No Array Runtime Type Header¶

Unlike slices, arrays have zero runtime overhead per instance. Compare:

Slice header (3 words = 24 bytes on 64-bit):
┌─────────┬─────────┬─────────┐
│  ptr    │   len   │   cap   │
│ 8 bytes │ 8 bytes │ 8 bytes │
└─────────┴─────────┴─────────┘

Array [5]int (exactly 40 bytes, no header):
┌──────┬──────┬──────┬──────┬──────┐
│ e[0] │ e[1] │ e[2] │ e[3] │ e[4] │
│ 8B   │ 8B   │ 8B   │ 8B   │ 8B   │
└──────┴──────┴──────┴──────┴──────┘

Garbage Collector and Arrays¶

The GC only needs to scan an array if its element type contains pointers. For [N]int, [N]float64, [N]byte: GC does not scan — these are treated as inert memory. For [N]*T, [N]string, [N]slice: GC scans each element looking for pointers.

The GC uses a bitmap (stored in the type's ptrdata field) to know which words within the array contain pointers:

// src/runtime/mbitmap.go
// For [5]int: ptrdata = 0 (no pointers, GC skips entirely)
// For [5]*int: ptrdata = 40 (all 5 words are pointers, GC scans all)
// For [5]struct{v int; p *int}: ptrdata covers pointer positions

bounds checking at runtime¶

Every array (and slice) access goes through a bounds check:

arr[i] // compiles to roughly:
// if uint(i) >= uint(len(arr)) { runtime.panicIndex(i, len(arr)) }
// load arr[i]

The comparison uses uint (unsigned) so negative indices also fail (they wrap to a huge positive number, which is >= len).

The runtime.panicIndex function:

src/runtime/panic.go:
func panicIndex(x int, y int) {
    panicCheck1(getcallerpc(), "index out of range")
    panic(boundsError{x: int64(x), signed: true, y: y, code: boundsIndex})
}

Compiler Perspective¶

How Array Indexing Compiles¶

Given:

arr := [3]int{10, 20, 30}
x := arr[1]

The compiler generates (pseudo-IR):

// Bounds check (may be eliminated if compiler can prove in-bounds)
if 1 >= 3 { panic }        // compile-time constant — eliminated!
// Direct memory access: base + index * elementSize
x = *(base_of_arr + 1 * 8) // load from addr base+8

For compile-time constant indices like arr[1], bounds checks are eliminated at compile time. For runtime indices, the compiler generates the check unless it can prove safety through value range analysis.

SSA Representation¶

The Go compiler converts code to Static Single Assignment (SSA) form before optimization:

// arr := [3]int{10, 20, 30}  →  SSA:
v1 = LocalAddr <*[3]int> arr
Store <int> (Const64 <int> [10]) v1
Store <int> (Const64 <int> [20]) (OffPtr <*int> [8] v1)
Store <int> (Const64 <int> [30]) (OffPtr <*int> [16] v1)

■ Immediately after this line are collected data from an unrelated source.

text \<open>Coin Toss (CT) model. A sample point is a pair (D, c): D i is the degree of
  vertex i (i.i.d. with law F) and c j is the fair coin of level j (True = right).\<close>

definition CT_space :: "nat pmf \<Rightarrow> ((int \<Rightarrow> nat) \<times> (nat \<Rightarrow> bool)) measure" where
  "CT_space F = (PiM UNIV (\<lambda>_::int. measure_pmf F)) \<Otimes>\<^sub>M
                 (PiM UNIV (\<lambda>_::nat. measure_pmf (bernoulli_pmf (1/2))))"

definition Gamma :: "(int \<Rightarrow> nat) \<Rightarrow> nat \<Rightarrow> int set" where
  "Gamma D j = {i. j \<le> D i}"

text \<open>The n-th vertex of S strictly to the right / left of i (default i if it does not exist).\<close>
definition nth_right :: "int set \<Rightarrow> int \<Rightarrow> nat \<Rightarrow> int" where
  "nth_right S i n =
     (if \<exists>k. k \<in> S \<and> i < k \<and> card {m \<in> S. i < m \<and> m \<le> k} = n
      then (THE k. k \<in> S \<and> i < k \<and> card {m \<in> S. i < m \<and> m \<le> k} = n) else i)"

definition nth_left :: "int set \<Rightarrow> int \<Rightarrow> nat \<Rightarrow> int" where
  "nth_left S i n =
     (if \<exists>k. k \<in> S \<and> k < i \<and> card {m \<in> S. k \<le> m \<and> m < i} = n
      then (THE k. k \<in> S \<and> k < i \<and> card {m \<in> S. k \<le> m \<and> m < i} = n) else i)"

definition first_nonneg :: "int set \<Rightarrow> int" where
  "first_nonneg S = (if \<exists>i\<in>S. 0 \<le> i then (LEAST i. i \<in> S \<and> 0 \<le> i) else 0)"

// x := arr[1]  →  SSA (with BCE applied):
v2 = OffPtr <*int> [8] v1    // pointer to arr[1]
v3 = Load <int> v2           // load the value

View SSA: GOSSAFUNC=main go build main.go

Memory Layout¶

Stack Layout for Local Arrays¶

Stack frame layout for:
func main() {
    arr := [5]int{1, 2, 3, 4, 5}
    // ...
}

High address ↑
┌────────────────────┐
│ return address     │ (8 bytes)
├────────────────────┤
│ saved BP           │ (8 bytes, frame pointer)
├────────────────────┤
│ arr[4] = 5         │ offset -8
│ arr[3] = 4         │ offset -16
│ arr[2] = 3         │ offset -24
│ arr[1] = 2         │ offset -32
│ arr[0] = 1         │ offset -40
└────────────────────┘ ← SP (stack pointer)
Low address ↓

Arrays on the stack are adjacent to other local variables. The compiler assigns offsets from SP (stack pointer) at compile time.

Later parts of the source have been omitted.